Die Lokale Partnerschaft ist das Gremium, in dem alle relevanten Akteure des Kernbereichs, gemeinsam mit der Verwaltung Konzepte und Projekte zur Stärkung des Zentrums entwickeln und realisieren. Aufgabe der Lokalen Partnerschaft ist die lenkende Begleitung und Unterstützung der Kernbereichsentwicklung.
Die Mitglieder der Lokalen Partnerschaft übernehmen die Funktion von Experten, indem sie ihr spezielles Wissen über Fechenheim und den Kernbereich einbringen. Darüber hinaus fungieren sie als Multiplikator in ihren Wirkungskreis und werben im Stadtteil für die Ziele und Maßnahmen des Programms. Als dritte Funktion kommt die eines Trägers hinzu, der eigene private und zivilgesellschaftliche Initiativen und Projekte zur Unterstützung der Kernbereichsentwicklung vorbereitet und durchführt.
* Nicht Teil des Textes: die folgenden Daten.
(* Let $E=\bigcap_{i=1}^\ell\{x\in M: f_i(x)\le0\}$ be a regular intersection (all $I_i=(-\infty,0]$). Then $E$ is a regular closed subset of $M$: its interior in $M$ is $\operatorname{int}E=\bigcap_{i=1}^\ell\{x\in M: f_i(x)<0\}$, and $E=\overline{\operatorname{int}E}$ (closure in $M$).
   Context: $M\subset\mathbb{R}^d$ is a compact smooth submanifold without boundary with the induced metric. "Regular intersection" means: $E\neq\emptyset$, each $f_i:M\to\mathbb{R}$ smooth with $0$ a regular value, and for some $\mu>0,\Lambda\ge0$: (R1) for any indices $i_1<\dots<i_k$, the differential of $(f_{i_1},\dots,f_{i_k}):M\to\mathbb{R}^k$ is surjective at every point of $\{f_{i_1}=\dots=f_{i_k}=0\}\cap E$ with smallest nonzero singular value $\ge\mu$; (R2) the Hessian operator norms of all $f_i$ on $M$ are $\le\Lambda$. *)

theory Defs
  imports "HOL-Analysis.Analysis"
begin

fun dd :: "'a::real_normed_vector list \<Rightarrow> ('a \<Rightarrow> 'b::real_normed_vector) \<Rightarrow> 'a \<Rightarrow> 'b" where
  "dd [] f = f"
| "dd (v # vs) f = (\<lambda>x. frechet_derivative (dd vs f) (at x) v)"

definition smooth_on :: "'a::real_normed_vector set \<Rightarrow> ('a \<Rightarrow> 'b::real_normed_vector) \<Rightarrow> bool" where
  "smooth_on U f \<longleftrightarrow> open U \<and> (\<forall>vs. \<forall>x\<in>U. dd vs f differentiable (at x))"

definition smooth_submanifold :: "'a::euclidean_space set \<Rightarrow> bool" where
  "smooth_submanifold M \<longleftrightarrow>
     (\<forall>p\<in>M. \<exists>U V (\<phi>::'a \<Rightarrow> 'a) \<psi> S.
        open U \<and> open V \<and> p \<in> U \<and> subspace S \<and>
        smooth_on U \<phi> \<and> smooth_on V \<psi> \<and> \<phi> ` U = V \<and>
        (\<forall>x\<in>U. \<psi> (\<phi> x) = x) \<and> (\<forall>y\<in>V. \<phi> (\<psi> y) = y) \<and>
        \<phi> ` (M \<inter> U) = V \<inter> S)"

definition smooth_fun_on :: "'a::euclidean_space set \<Rightarrow> ('a \<Rightarrow> real) \<Rightarrow> bool" where
  "smooth_fun_on M f \<longleftrightarrow>
     (\<forall>p\<in>M. \<exists>U g. open U \<and> p \<in> U \<and> smooth_on U g \<and> (\<forall>x\<in>M \<inter> U. f x = g x))"

definition tangent_space :: "'a::euclidean_space set \<Rightarrow> 'a \<Rightarrow> 'a set" where
  "tangent_space M p = {v. \<exists>\<gamma>::real \<Rightarrow> 'a. (\<forall>t. \<gamma> t \<in> M) \<and> \<gamma> 0 = p \<and> (\<gamma> has_vector_derivative v) (at 0)}"

text \<open>Differential of f : M -> R at x (only its values on the tangent space are meaningful).\<close>
definition mdiff :: "'a::euclidean_space set \<Rightarrow> ('a \<Rightarrow> real) \<Rightarrow> 'a \<Rightarrow> 'a \<Rightarrow> real" where
  "mdiff M f x = (SOME L. \<forall>(\<gamma>::real \<Rightarrow> 'a) w. (\<forall>t. \<gamma> t \<in> M) \<and> \<gamma> 0 = x \<and>
       (\<gamma> has_vector_derivative w) (at 0) \<longrightarrow> ((f \<circ> \<gamma>) has_real_derivative L w) (at 0))"

definition regular_value0 :: "'a::euclidean_space set \<Rightarrow> ('a \<Rightarrow> real) \<Rightarrow> bool" where
  "regular_value0 M f \<longleftrightarrow>
     (\<forall>x\<in>M. f x = 0 \<longrightarrow> (\<exists>v\<in>tangent_space M x. mdiff M f x v \<noteq> 0))"

text \<open>The differential of (f_j)_{j in J} : M -> R^J at x is surjective and its smallest
  nonzero singular value is at least mu.  For a linear map A onto R^J this is equivalent to:
  every y in R^J has a preimage v in T_xM with mu * |v| <= |y| (the pseudo-inverse has
  operator norm 1/sigma_min).\<close>
definition diff_surj_sv_ge :: "'a::euclidean_space set \<Rightarrow> (nat \<Rightarrow> 'a \<Rightarrow> real) \<Rightarrow> nat set \<Rightarrow> 'a \<Rightarrow> real \<Rightarrow> bool" where
  "diff_surj_sv_ge M f J x \<mu> \<longleftrightarrow>
     (\<forall>y::nat \<Rightarrow> real. \<exists>v\<in>tangent_space M x.
        (\<forall>j\<in>J. mdiff M (f j) x v = y j) \<and> \<mu> * norm v \<le> sqrt (\<Sum>j\<in>J. (y j)\<^sup>2))"

definition geodesic :: "'a::euclidean_space set \<Rightarrow> (real \<Rightarrow> 'a) \<Rightarrow> bool" where
  "geodesic M \<gamma> \<longleftrightarrow> (\<forall>t. \<gamma> t \<in> M) \<and> (\<forall>t. \<gamma> differentiable (at t)) \<and>
     (\<forall>t. (\<lambda>s. vector_derivative \<gamma> (at s)) differentiable (at t)) \<and>
     (\<forall>t. \<forall>v\<in>tangent_space M (\<gamma> t).
         vector_derivative (\<lambda>s. vector_derivative \<gamma> (at s)) (at t) \<bullet> v = 0)"

text \<open>Operator norm of the Riemannian Hessian of f is at most Lambda at every point of M:
  Hess f(v,v) = (f o gamma)''(0) for the geodesic with gamma'(0) = v, and the operator norm of
  a symmetric bilinear form is sup over unit v of |Hess f(v,v)|.\<close>
definition hessian_norm_le :: "'a::euclidean_space set \<Rightarrow> ('a \<Rightarrow> real) \<Rightarrow> real \<Rightarrow> bool" where
  "hessian_norm_le M f \<Lambda> \<longleftrightarrow>
     (\<forall>\<gamma> t. geodesic M \<gamma> \<longrightarrow>
        \<bar>deriv (deriv (f \<circ> \<gamma>)) t\<bar> \<le> \<Lambda> * (norm (vector_derivative \<gamma> (at t)))\<^sup>2)"

definition sublevel_intersection :: "'a set \<Rightarrow> (nat \<Rightarrow> 'a \<Rightarrow> real) \<Rightarrow> nat \<Rightarrow> 'a set" where
  "sublevel_intersection M f l = {x\<in>M. \<forall>i\<in>{1..l}. f i x \<le> 0}"

definition regular_intersection :: "'a::euclidean_space set \<Rightarrow> (nat \<Rightarrow> 'a \<Rightarrow> real) \<Rightarrow> nat \<Rightarrow> bool" where
  "regular_intersection M f l \<longleftrightarrow>
     (let E = sublevel_intersection M f l in
      E \<noteq> {} \<and>
      (\<forall>i\<in>{1..l}. smooth_fun_on M (f i) \<and> regular_value0 M (f i)) \<and>
      (\<exists>\<mu>>0. \<exists>\<Lambda>\<ge>0.
         (\<forall>J. J \<subseteq> {1..l} \<and> J \<noteq> {} \<longrightarrow>
            (\<forall>x\<in>E. (\<forall>j\<in>J. f j x = 0) \<longrightarrow> diff_surj_sv_ge M f J x \<mu>)) \<and>
         (\<forall>i\<in>{1..l}. hessian_norm_le M (f i) \<Lambda>)))"

end

theory Submission
  imports Defs
begin

text \<open>
  If 0 is a regular value of \<open>f\<^sub>i\<close>, a zero \<open>x\<close> of \<open>f\<^sub>i\<close> is not a local maximum of \<open>f\<^sub>i\<close> on \<open>M\<close>:
  along a curve in \<open>M\<close> through \<open>x\<close> whose velocity \<open>v\<close> has \<open>df\<^sub>i(v) \<noteq> 0\<close>, the function
  \<open>f\<^sub>i\<close> takes positive values arbitrarily close to \<open>x\<close>. So no point of the interior of \<open>E\<close>
  is a zero of any \<open>f\<^sub>i\<close>, and the strict sublevel intersection, being open, is the interior.
  Conversely, at \<open>x \<in> E\<close> the surjectivity in (R1) for the set of active constraints gives
  a tangent vector \<open>v\<close> with \<open>df\<^sub>j(v) = -1\<close> for every active \<open>j\<close>; along a curve with velocity
  \<open>v\<close> all active \<open>f\<^sub>j\<close> become negative at once for small positive times, and the
  inactive ones stay negative by continuity, so \<open>x\<close> is a limit of interior points.
\<close>

lemma smooth_fun_on_locally_differentiable:
  assumes "smooth_fun_on M f" "p \<in> M"
  obtains U g where "open U" "p \<in> U" "\<And>x. x \<in> M \<inter> U \<Longrightarrow> f x = g x" "g differentiable (at p)"
proof -
  obtain U g where "open U" "p \<in> U" "smooth_on U g" "\<forall>x\<in>M \<inter> U. f x = g x"
    using assms unfolding smooth_fun_on_def by blast
  moreover have "g differentiable (at p)"
    using \<open>smooth_on U g\<close> \<open>p \<in> U\<close> dd.simps(1) unfolding smooth_on_def by metis
  ultimately show ?thesis using that by blast
qed

lemma smooth_fun_on_imp_continuous_on:
  assumes "smooth_fun_on M f"
  shows "continuous_on M f"
  unfolding continuous_on_eq_continuous_within
proof
  fix p assume "p \<in> M"
  then obtain U g where U: "open U" "p \<in> U" "\<And>x. x \<in> M \<inter> U \<Longrightarrow> f x = g x"
    and "g differentiable (at p)"
    using smooth_fun_on_locally_differentiable[OF assms] by metis
  then have "continuous (at p within M) g"
    by (simp add: differentiable_at_withinI differentiable_imp_continuous_within)
  moreover have "openin (top_of_set M) (M \<inter> U)"
    using \<open>open U\<close> by (simp add: openin_open_Int)
  ultimately show "continuous (at p within M) f"
    by (rule continuous_transform_within_openin) (use U \<open>p \<in> M\<close> in auto)
qed

lemma has_vector_derivative_eventually_in_open:
  assumes "(\<gamma> has_vector_derivative v) (at t)" "open U" "\<gamma> t \<in> U"
  shows "\<forall>\<^sub>F s in at t within S. \<gamma> s \<in> U"
proof -
  have "(\<gamma> \<longlongrightarrow> \<gamma> t) (at t within S)"
    using has_vector_derivative_continuous[OF assms(1)] unfolding isCont_def
    by (rule tendsto_within_subset) simp
  then show ?thesis
    using assms(2,3) by (rule topological_tendstoD)
qed

lemma has_real_derivative_mdiff:
  assumes "smooth_fun_on M f" "x \<in> M"
    and "\<forall>t. \<gamma> t \<in> M" "\<gamma> 0 = x" "(\<gamma> has_vector_derivative w) (at 0)"
  shows "((f \<circ> \<gamma>) has_real_derivative mdiff M f x w) (at 0)"
proof -
  obtain U g where U: "open U" "x \<in> U" "\<And>y. y \<in> M \<inter> U \<Longrightarrow> f y = g y"
    and "g differentiable (at x)"
    using smooth_fun_on_locally_differentiable[OF assms(1,2)] by metis
  define G where "G = frechet_derivative g (at x)"
  have g_deriv: "(g has_derivative G) (at x)"
    using \<open>g differentiable (at x)\<close> G_def frechet_derivative_works by blast
  have "((f \<circ> c) has_real_derivative G v) (at 0)"
    if c: "\<forall>t. c t \<in> M" "c 0 = x" "(c has_vector_derivative v) (at 0)" for c v
  proof -
    have "((g \<circ> c) has_vector_derivative G v) (at 0)"
      using vector_derivative_diff_chain_within[of c v 0 UNIV g G] g_deriv c
      by (simp add: has_derivative_at_withinI)
    then have "((g \<circ> c) has_real_derivative G v) (at 0)"
      by (simp add: has_real_derivative_iff_has_vector_derivative)
    moreover have "\<forall>\<^sub>F t in at 0. c t \<in> U"
      using has_vector_derivative_eventually_in_open[OF c(3) \<open>open U\<close>] U(2) c(2) by simp
    then have "\<forall>\<^sub>F t in at 0. (g \<circ> c) t = (f \<circ> c) t"
      by eventually_elim (use U(3) c(1) in auto)
    ultimately show ?thesis
      unfolding has_field_derivative_def
      by (rule has_derivative_transform_eventually) (use U(2,3) c(1,2) in auto)
  qed
  then have "\<exists>L. \<forall>(c::real \<Rightarrow> 'a) v. (\<forall>t. c t \<in> M) \<and> c 0 = x \<and>
       (c has_vector_derivative v) (at 0) \<longrightarrow> ((f \<circ> c) has_real_derivative L v) (at 0)"
    by blast
  then show ?thesis
    unfolding mdiff_def by (rule someI2_ex) (use assms(3-5) in blast)
qed

definition strict_sublevel_intersection :: "'a set \<Rightarrow> (nat \<Rightarrow> 'a \<Rightarrow> real) \<Rightarrow> nat \<Rightarrow> 'a set" where
  "strict_sublevel_intersection M f l = {x\<in>M. \<forall>i\<in>{1..l}. f i x < 0}"

lemma strict_sublevel_intersection_subset:
  "strict_sublevel_intersection M f l \<subseteq> sublevel_intersection M f l"
  unfolding strict_sublevel_intersection_def sublevel_intersection_def by (auto intro: less_imp_le)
Die Lokale Partnerschaft umfasst derzeit 16 namentlich benannte Personen und wird durch Vertreterinnen und Vertreter der Wirtschaftsförderung Frankfurt und der Verwaltung ergänzt. Zu speziellen Themen, wie etwa die Eingangsbereiche oder die Erstellung einer stadtteilbezogenen Internetseite, wurden Arbeitsgruppen für die Ausarbeitung und Umsetzung gebildet.


Erhaltungssatzung Nr. 30

Fechenheim besitzt in seinem Ortskern noch eine Vielzahl von Gebäuden, anhand derer die Geschichte des Ortsteils anschaulich nachvollzogen werden kann. So finden sich dort  z.B. ehemals landwirtschaftliche Hofstellen, Siedlungshäuser des frühen Industriezeitalters und mehrgeschossige gründerzeitliche Gebäude. Um diese baulichen Besonderheiten Fechenheims dauerhaft erhalten zu können, haben die Stadtverordneten am 27.01.2011 die Erhaltungssatzung Nr. 30 - Fechenheim-Süd - beschlossen. Die Satzung ist am 22.03.2011 in Kraft getreten, so dass ihre Zielsetzungen seither bei allen baulichen Maßnahmen zu berücksichtigen sind. 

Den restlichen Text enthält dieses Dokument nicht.